Starting at the top of the entries below, print each line exactly until the line with "d \<eta>) = ennreal" has been printed too.
*** Begin section ***
lemma exp_moment_vote_eq:
  fixes s :: real
  assumes x: "x \<in> unit_ball_d d" and \<eta>: "0 < \<eta>" "\<eta> < 1"
  shows "(\<integral>\<^sup>+ p. ennreal (exp (- s * vote d r w x p)) \<partial>sensor_law d \<eta>) = ennreal
    ((exp (- s) * measure (lborel_d d) (nbhd_below d w r x)
      + (\<eta> * exp (- s) + (1 - \<eta>) * exp s) * measure (lborel_d d) (nbhd_above_pos d w r x)
      + (\<eta> * exp s + (1 - \<eta>) * exp (- s)) * measure (lborel_d d) (nbhd_above_neg d w r x)
      + measure (lborel_d d) (unit_ball_d d - nbhd d r x)) / unit_ball_vol (real d))"
proof -
  define U where "U = unit_ball_d d"
  define R where "R = U - nbhd d r x"
  define c1 where "c1 = exp (- s)"
  define c2 where "c2 = \<eta> * exp (- s) + (1 - \<eta>) * exp s"
  define c3 where "c3 = \<eta> * exp s + (1 - \<eta>) * exp (- s)"
  define G where "G y = \<eta> * exp (- s * vote d r w x (y, True)) + (1 - \<eta>) * exp (- s * vote d r w x (y, False))" for y
  have c: "0 \<le> c1" "0 \<le> c2" "0 \<le> c3" using \<eta> by (auto simp: c1_def c2_def c3_def)
  have R: "R \<in> sets (lborel_d d)" "R \<subseteq> unit_ball_d d" by (auto simp: R_def U_def)
  have "ennreal (G y) * indicator U y = ennreal c1 * indicator (nbhd_below d w r x) y
      + ennreal c2 * indicator (nbhd_above_pos d w r x) y
      + ennreal c3 * indicator (nbhd_above_neg d w r x) y + indicator R y" for y
    using vote_mixture_eq[of y d \<eta> s r w x] nbhd_subset_unit_ball_d[of d r x]
    by (cases "y \<in> U")
      (auto simp: G_def U_def R_def c1_def c2_def c3_def indicator_def
        nbhd_below_def nbhd_above_pos_def nbhd_above_neg_def)
  then have "(\<integral>\<^sup>+ y. ennreal (G y) * indicator U y \<partial>lborel_d d)
      = ennreal c1 * emeasure (lborel_d d) (nbhd_below d w r x) + ennreal c2 * emeasure (lborel_d d) (nbhd_above_pos d w r x)
        + ennreal c3 * emeasure (lborel_d d) (nbhd_above_neg d w r x) + emeasure (lborel_d d) R"
    using R by (simp add: nn_integral_add nn_integral_cmult_indicator)
  also have "\<dots> = ennreal (c1 * measure (lborel_d d) (nbhd_below d w r x)
      + c2 * measure (lborel_d d) (nbhd_above_pos d w r x)
      + c3 * measure (lborel_d d) (nbhd_above_neg d w r x) + measure (lborel_d d) R)"
    using c R by (simp add: emeasure_subset_unit_ball_d nbhd_parts_subset_unit_ball_d
      ennreal_plus[symmetric] ennreal_mult[symmetric] del: ennreal_plus)
  finally have integral: "(\<integral>\<^sup>+ y. ennreal (G y) * indicator U y \<partial>lborel_d d) = ennreal (c1 * measure (lborel_d d) (nbhd_below d w r x)
      + c2 * measure (lborel_d d) (nbhd_above_pos d w r x)
      + c3 * measure (lborel_d d) (nbhd_above_neg d w r x) + measure (lborel_d d) R)" .
  have "vote d r w x \<in> borel_measurable (sensor_law d \<eta>)"
    using vote_measurable_sensor_law x unit_ball_d_subset_space by blast
  then have "(\<lambda>p. ennreal (exp (- s * vote d r w x p))) \<in> borel_measurable (sensor_law d \<eta>)"
    by measurable
  from nn_integral_sensor_law[OF this \<eta>]
  have "(\<integral>\<^sup>+ p. ennreal (exp (- s * vote d r w x p)) \<partial>sensor_law d \<eta>)
      = (\<integral>\<^sup>+ y. ennreal (G y) * indicator U y \<partial>lborel_d d) / ennreal (unit_ball_vol (real d))"
    using \<eta> by (simp add: G_def U_def emeasure_unit_ball_d ennreal_mult' ennreal_plus)
  also have "\<dots> = ennreal ((c1 * measure (lborel_d d) (nbhd_below d w r x)
      + c2 * measure (lborel_d d) (nbhd_above_pos d w r x)
      + c3 * measure (lborel_d d) (nbhd_above_neg d w r x) + measure (lborel_d d) R) / unit_ball_vol (real d))"
    unfolding integral using c by (intro divide_ennreal) auto
  finally show ?thesis by (simp only: R_def U_def c1_def c2_def c3_def)
qed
*** End section ***
## [Exercise output]
lemma exp_moment_vote_eq:
  fixes s :: real
  assumes x: "x \<in> unit_ball_d d" and \<eta>: "0 < \<eta>" "\<eta> < 1"
  shows "(\<integral>\<^sup>+ p. ennreal (exp (- s * vote d r w x p)) \<partial>sensor_law d \<eta>) = ennreal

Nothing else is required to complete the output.